:: PROBLEM ::
Take the line with "by (simp add: add_divide_distrib)" and every line after it in the data. Transcribe them exactly, through the last.

-------- SUPPLIED INFORMATION

lemma log_mean_le_inverse_ln_sum:
  fixes p q X :: real
  assumes p: "p > 0" and q: "q > 0" and pq: "p + q = 1" and X: "p < X" "X < 1"
  shows "log_mean p q \<le> q / ln (X / p) + p / ln ((1 - X) / q)"
proof -
  define Y d where "Y = 1 - X" and "d = X - p"
  have Y: "0 < Y" "Y < q" and d: "d > 0" "q - Y = d" "X - p = d" "X = p + d" "q = Y + d"
    using X pq by (auto simp: Y_def d_def)
  \<comment> \<open>The two pairs add up to \<open>q \<cdot> (X, p)\<close>\<close>
  have "log_mean (p * q) (p * Y) + log_mean (d * q) (d * p) \<le> log_mean (p * q + d * q) (p * Y + d * p)"
    using p q Y d by (intro log_mean_superadditive) auto
  also have "\<dots> = log_mean (q * X) (q * p)"
    using d(4,5) by (simp add: algebra_simps)
  finally have "p * log_mean q Y + d * log_mean q p \<le> q * log_mean X p"
    using p q Y d X by (simp add: log_mean_mult)
  moreover have "log_mean q Y = - d / ln (Y / q)" and "log_mean X p = d / ln (X / p)"
    using p q Y d X by (auto simp: log_mean_def ln_div minus_divide_right)
  ultimately have "d * log_mean p q \<le> d * (q / ln (X / p) + p / ln (Y / q))"
    by (simp add: log_mean_commute algebra_simps)
  then show ?thesis
    using d by (simp add: Y_def)
qed

lemma quadratic_form_le_square_diff:
  fixes K A B x y :: real
  assumes "B < K" and "A * B \<ge> K * (A + B)"
  shows "A * x^2 + B * y^2 \<le> K * (x - y)^2"
proof -
  have "(K - B) * (K * (x - y)^2 - A * x^2 - B * y^2) = ((K - B) * y - K * x)^2 + (A * B - K * (A + B)) * x^2"
    by (simp add: power2_eq_square algebra_simps)
  also have "\<dots> \<ge> 0"
    using assms by simp
  finally show ?thesis
    using assms by (simp add: zero_le_mult_iff)
qed

definition info_rate :: "real \<Rightarrow> real \<Rightarrow> real \<Rightarrow> real \<Rightarrow> real" where
  "info_rate p0 p1 a0 a1 = (if a0 = 0 then 0 else p0 * a0 * ln (a0 / (p0 * a0 + p1 * a1)))
                         + (if a1 = 0 then 0 else p1 * a1 * ln (a1 / (p0 * a0 + p1 * a1)))"

lemma info_rate_commute: "info_rate p0 p1 a0 a1 = info_rate p1 p0 a1 a0"
  by (simp add: info_rate_def add.commute)

lemma info_rate_le_of_sq_less:
  fixes p0 p1 x0 x1 :: real
  assumes p0: "p0 > 0" and p1: "p1 > 0" and pq: "p0 + p1 = 1" and "x1 \<noteq> 0" and less: "x1^2 < x0^2"
  shows "info_rate p0 p1 (x0^2) (x1^2) \<le> p0 * p1 / log_mean p0 p1 * (x0 - x1)^2"
proof -
  define K where "K = p0 * p1 / log_mean p0 p1"
  have K: "K > 0"
    using p0 p1 log_mean_pos by (simp add: K_def)
  define m where "m = p0 * x0^2 + p1 * x1^2"
  define X where "X = p0 * x0^2 / m"
  have x1: "x1^2 > 0"
    using assms(4) by simp
  have "m < (p0 + p1) * x0^2"
    using p1 less by (simp add: m_def distrib_right)
  then have m: "m > 0" "m < x0^2"
    using p0 p1 pq x1 by (auto simp: m_def intro: add_nonneg_pos)
  have oneX: "1 - X = p1 * x1^2 / m"
    using m(1) pq by (simp add: X_def m_def field_simps)
  have "p1 * x1^2 / m > 0"
    using m p1 x1 by simp
  then have X: "p0 < X" "X < 1"
    using m p0 oneX by (simp add: X_def less_divide_eq, linarith)
  define u w where "u = ln (x0^2 / m)" and "w = ln (x1^2 / m)"
  have "x0^2 / m = X / p0" "x1^2 / m = (1 - X) / p1"
    using p0 p1 oneX by (simp_all add: X_def)
  moreover have "X / p0 > 1" "(1 - X) / p1 < 1"
    using p0 p1 pq X by simp_all
  ultimately have uw: "u = ln (X / p0)" "w = ln ((1 - X) / p1)" "u > 0" "w < 0"
    using p1 X by (simp_all add: u_def w_def)
  have "log_mean p0 p1 \<le> p1 / u + p0 / w"
    using log_mean_le_inverse_ln_sum[OF p0 p1 pq X] uw by simp
  then have "(p1 / u + p0 / w) * (u * w) \<le> log_mean p0 p1 * (u * w)"
    using uw(3,4) by (intro mult_right_mono_neg mult_nonneg_nonpos) auto
  moreover have "(p1 / u + p0 / w) * (u * w) = p0 * u + p1 * w"
    using uw(3,4) by (simp add: field_simps)
  ultimately have "p0 * u + p1 * w \<le> log_mean p0 p1 * (u * w)"
    by simp
  then have "K * (p0 * u + p1 * w) \<le> K * (log_mean p0 p1 * (u * w))"
    using K by (intro mult_left_mono) auto
  also have "\<dots> = (p0 * u) * (p1 * w)"
    using log_mean_pos[OF p0 p1] by (simp add: K_def)
  finally have "(p0 * u) * (p1 * w) \<ge> K * (p0 * u + p1 * w)" .
  moreover have "p1 * w < K"
    using K p1 uw(4) mult_pos_neg[of p1 w] by linarith
  ultimately have "(p0 * u) * x0^2 + (p1 * w) * x1^2 \<le> K * (x0 - x1)^2"
    by (intro quadratic_form_le_square_diff)
  moreover have "x0 \<noteq> 0"
    using less by auto
  ultimately show ?thesis
    using assms(4) by (simp add: info_rate_def K_def u_def w_def m_def algebra_simps)
qed

lemma info_rate_le_of_sq_le:
  fixes p0 p1 x0 x1 :: real
  assumes p0: "p0 > 0" and p1: "p1 > 0" and pq: "p0 + p1 = 1" and le: "x1^2 \<le> x0^2"
  shows "info_rate p0 p1 (x0^2) (x1^2) \<le> p0 * p1 / log_mean p0 p1 * (x0 - x1)^2"
proof -
  define K where "K = p0 * p1 / log_mean p0 p1"
  have K: "K > 0"
    using p0 p1 log_mean_pos by (simp add: K_def)
  consider "x1 = 0" | "x1^2 = x0^2" | "x1 \<noteq> 0" "x1^2 < x0^2"
    using le by fastforce
  then show ?thesis
  proof cases
    case 1
    have "log_mean p0 p1 \<le> log_mean p0 1"
      using p0 p1 pq by (intro log_mean_mono) auto
    also have "\<dots> = p1 / ln (1 / p0)"
    proof -
      have "p0 - 1 = - p1" "p0 \<noteq> 1"
        using pq p1 by auto
      then show ?thesis
        using p0 by (simp add: log_mean_def ln_div)
    qed
    finally have "p0 * ln (1 / p0) \<le> K"
      using p0 p1 pq log_mean_pos[OF p0 p1] by (simp add: K_def field_simps)
    then have "p0 * ln (1 / p0) * x0^2 \<le> K * x0^2"
      by (simp add: mult_right_mono)
    then show ?thesis
      using 1 p0 by (simp add: info_rate_def K_def algebra_simps)
  next
    case 2
    then have "info_rate p0 p1 (x0^2) (x1^2) = 0"
      using pq by (simp add: info_rate_def distrib_right[symmetric])
    then show ?thesis
      using K by (simp add: K_def[symmetric])
  next
    case 3
    then show ?thesis
      using info_rate_le_of_sq_less[OF p0 p1 pq] by blast
  qed
qed

lemma info_rate_le:
  fixes p0 p1 x0 x1 :: real
  assumes "p0 > 0" and "p1 > 0" and "p0 + p1 = 1"
  shows "info_rate p0 p1 (x0^2) (x1^2) \<le> p0 * p1 / log_mean p0 p1 * (x0 - x1)^2"
proof (cases "x1^2 \<le> x0^2")
  case False
  then have "info_rate p1 p0 (x1^2) (x0^2) \<le> p1 * p0 / log_mean p1 p0 * (x1 - x0)^2"
    using assms by (intro info_rate_le_of_sq_le) auto
  then show ?thesis
    by (simp add: info_rate_commute log_mean_commute power2_commute mult.commute)
qed (use assms info_rate_le_of_sq_le in blast)

lemma info_rate_optimal:
  fixes p0 p1 t :: real
  assumes p0: "p0 > 0" and p1: "p1 > 0" and pq: "p0 + p1 = 1"
  shows "info_rate p0 p1 ((p1 * t)^2) ((p0 * t)^2) = p0 * p1 / log_mean p0 p1 * (p1 * t - p0 * t)^2"
proof (cases "t = 0 \<or> p0 = p1")
  case True
  then show ?thesis
    using pq by (auto simp: info_rate_def distrib_right[symmetric])
next
  case False
  have m: "p0 * (p1 * t)^2 + p1 * (p0 * t)^2 = p0 * p1 * t^2"
    using pq by (simp add: power2_eq_square algebra_simps) (metis distrib_left mult.commute mult.left_commute mult_1)
  have r: "(p1 * t)^2 / (p0 * p1 * t^2) = p1 / p0" "(p0 * t)^2 / (p0 * p1 * t^2) = p0 / p1"
    using False p0 p1 by (simp_all add: power2_eq_square field_simps)
  have "info_rate p0 p1 ((p1 * t)^2) ((p0 * t)^2) = p0 * (p1 * t)^2 * ln (p1 / p0) + p1 * (p0 * t)^2 * ln (p0 / p1)"
    using False p0 p1 by (simp add: info_rate_def m r)
  also have "\<dots> = p0 * p1 * t^2 * (p1 - p0) * (ln p1 - ln p0)"
    using p0 p1 by (simp add: ln_div power2_eq_square algebra_simps)
  also have "\<dots> = p0 * p1 / log_mean p0 p1 * (p1 * t - p0 * t)^2"
    using False p0 p1 by (simp add: log_mean_def power2_eq_square field_simps)
  finally show ?thesis .
qed

lemma tendsto_quotient_at_right_0:
  fixes f :: "real \<Rightarrow> real"
  assumes "f 0 = 0" and "(f has_real_derivative D) (at 0)"
  shows "((\<lambda>d. f d / d) \<longlongrightarrow> D) (at_right 0)"
proof -
  have "(f has_real_derivative D) (at 0 within {0<..})"
    using assms(2) by (rule has_field_derivative_at_within)
  then show ?thesis
    using assms(1) by (simp add: has_field_derivative_iff)
qed

lemma no_arrival_terms_limit:
  fixes p0 p1 a0 a1 :: real
  assumes p0: "p0 > 0" and p1: "p1 > 0" and pq: "p0 + p1 = 1"
  defines "E \<equiv> \<lambda>d. p0 * exp (- a0 * d) + p1 * exp (- a1 * d)"
  shows "((\<lambda>d. (p0 * exp (- a0 * d) * ln (exp (- a0 * d) / E d)
               + p1 * exp (- a1 * d) * ln (exp (- a1 * d) / E d)) / d) \<longlongrightarrow> 0) (at_right 0)"
proof (rule tendsto_quotient_at_right_0)
  have E: "E d > 0" for d
    using p0 p1 by (simp add: E_def add_pos_pos)
  show "p0 * exp (- a0 * 0) * ln (exp (- a0 * 0) / E 0) + p1 * exp (- a1 * 0) * ln (exp (- a1 * 0) / E 0) = 0"
    using pq by (simp add: E_def)
  have mean: "a0 * (p0 * p0) + (a0 * (p0 * p1) + (a1 * (p0 * p1) + a1 * (p1 * p1))) = (a0 * p0 + a1 * p1) * (p0 + p1)"
    by (simp add: algebra_simps)
  show "((\<lambda>d. p0 * exp (- a0 * d) * ln (exp (- a0 * d) / E d) + p1 * exp (- a1 * d) * ln (exp (- a1 * d) / E d))
      has_real_derivative 0) (at 0)"
    using E pq unfolding E_def
    apply (auto intro!: derivative_eq_intros)
    apply (simp add: field_simps)
    apply (simp only: mean pq)
    apply simp
    done
qed

lemma arrival_prob_limit:
  fixes a :: real
  shows "((\<lambda>d. (1 - exp (- a * d)) / d) \<longlongrightarrow> a) (at_right 0)"
  by (rule tendsto_quotient_at_right_0[where f = "\<lambda>d. 1 - exp (- a * d)"]) (auto intro!: derivative_eq_intros)

lemma arrival_term_limit:
  fixes p0 p1 a0 a1 b a :: real
  assumes "p0 * a0 + p1 * a1 > 0" and "a > 0"
  defines "F \<equiv> \<lambda>d. p0 * (1 - exp (- a0 * d)) + p1 * (1 - exp (- a1 * d))"
  shows "((\<lambda>d. b * (1 - exp (- a * d)) * ln ((1 - exp (- a * d)) / F d) / d)
          \<longlongrightarrow> b * a * ln (a / (p0 * a0 + p1 * a1))) (at_right 0)"
proof -
  have "((\<lambda>d. F d / d) \<longlongrightarrow> p0 * a0 + p1 * a1) (at_right 0)"
    unfolding F_def add_divide_distrib times_divide_eq_right[symmetric]
    by (intro tendsto_intros arrival_prob_limit)
  then have "((\<lambda>d. b * ((1 - exp (- a * d)) / d) * ln (((1 - exp (- a * d)) / d) / (F d / d)))
      \<longlongrightarrow> b * a * ln (a / (p0 * a0 + p1 * a1))) (at_right 0)"
    using assms by (intro tendsto_intros arrival_prob_limit) auto
  moreover have "\<forall>\<^sub>F d in at_right 0. b * ((1 - exp (- a * d)) / d) * ln (((1 - exp (- a * d)) / d) / (F d / d))
      = b * (1 - exp (- a * d)) * ln ((1 - exp (- a * d)) / F d) / d"
    by (rule eventually_mono[OF eventually_at_right_less]) simp
  ultimately show ?thesis
    by (rule Lim_transform_eventually)
qed

lemma I_l_slope:
  fixes S pr :: "nat \<Rightarrow> real"
  assumes p0: "pr 0 > 0" and p1: "pr 1 > 0" and pq: "pr 0 + pr 1 = 1"
  shows "((\<lambda>d. I_l S pr l d / d) \<longlongrightarrow> info_rate (pr 0) (pr 1) (rate (S 0) l) (rate (S 1) l)) (at_right 0)"
proof -
  define a0 a1 where "a0 = rate (S 0) l" and "a1 = rate (S 1) l"
  define E F where "E = (\<lambda>d. pr 0 * exp (- a0 * d) + pr 1 * exp (- a1 * d))"
    and "F = (\<lambda>d. pr 0 * (1 - exp (- a0 * d)) + pr 1 * (1 - exp (- a1 * d)))"
  define T where "T = (\<lambda>a p d::real. if a = 0 then 0 else p * (1 - exp (- a * d)) * ln ((1 - exp (- a * d)) / F d))"
  have a: "a0 \<ge> 0" "a1 \<ge> 0"
    by (simp_all add: a0_def a1_def rate_def)
  have T: "((\<lambda>d. T a p d / d) \<longlongrightarrow> (if a = 0 then 0 else p * a * ln (a / (pr 0 * a0 + pr 1 * a1)))) (at_right 0)"
    if "a = a0 \<or> a = a1" for a p
  proof (cases "a = 0")
    case False
    then have "pr 0 * a0 + pr 1 * a1 > 0"
      using that a p0 p1 by (auto intro: add_pos_nonneg add_nonneg_pos)
    then show ?thesis
      using False that a arrival_term_limit[of "pr 0" a0 "pr 1" a1 a p] by (auto simp: T_def F_def)
  qed (simp add: T_def)
  define N where "N = (\<lambda>d. pr 0 * exp (- a0 * d) * ln (exp (- a0 * d) / E d)
                          + pr 1 * exp (- a1 * d) * ln (exp (- a1 * d) / E d))"
  have "((\<lambda>d. N d / d + T a0 (pr 0) d / d + T a1 (pr 1) d / d)
        \<longlongrightarrow> 0 + (if a0 = 0 then 0 else pr 0 * a0 * ln (a0 / (pr 0 * a0 + pr 1 * a1)))
              + (if a1 = 0 then 0 else pr 1 * a1 * ln (a1 / (pr 0 * a0 + pr 1 * a1)))) (at_right 0)"
    unfolding N_def E_def by (intro tendsto_add no_arrival_terms_limit T p0 p1 pq) auto
  moreover have "\<forall>\<^sub>F d in at_right 0. N d / d + T a0 (pr 0) d / d + T a1 (pr 1) d / d = I_l S pr l d / d"
  proof (rule eventually_mono[OF eventually_at_right_less])
    fix d :: real
    assume "d > 0"
    then have "(1 - exp (- a * d) = 0) \<longleftrightarrow> a = 0" for a :: real
      by auto
    then have "I_l S pr l d = N d + T a0 (pr 0) d + T a1 (pr 1) d"
      using p0 p1 unfolding I_l_def mutual_info_bin_def chan_def N_def E_def T_def F_def a0_def a1_def
      by (simp add: Let_def)
    then show "N d / d + T a0 (pr 0) d / d + T a1 (pr 1) d / d = I_l S pr l d / d"
      by (simp add: add_divide_distrib)
  qed
  ultimately have "((\<lambda>d. I_l S pr l d / d) \<longlongrightarrow> 0 + (if a0 = 0 then 0 else pr 0 * a0 * ln (a0 / (pr 0 * a0 + pr 1 * a1)))
              + (if a1 = 0 then 0 else pr 1 * a1 * ln (a1 / (pr 0 * a0 + pr 1 * a1)))) (at_right 0)"
    by (rule Lim_transform_eventually)
  then show ?thesis
    unfolding info_rate_def a0_def[symmetric] a1_def[symmetric] by simp
qed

----------------

:: REPLY TO THE TASK ::
      by (simp add: add_divide_distrib)
  qed
  ultimately have "((\<lambda>d. I_l S pr l d / d) \<longlongrightarrow> 0 + (if a0 = 0 then 0 else pr 0 * a0 * ln (a0 / (pr 0 * a0 + pr 1 * a1)))
              + (if a1 = 0 then 0 else pr 1 * a1 * ln (a1 / (pr 0 * a0 + pr 1 * a1)))) (at_right 0)"
    by (rule Lim_transform_eventually)
  then show ?thesis
    unfolding info_rate_def a0_def[symmetric] a1_def[symmetric] by simp
qed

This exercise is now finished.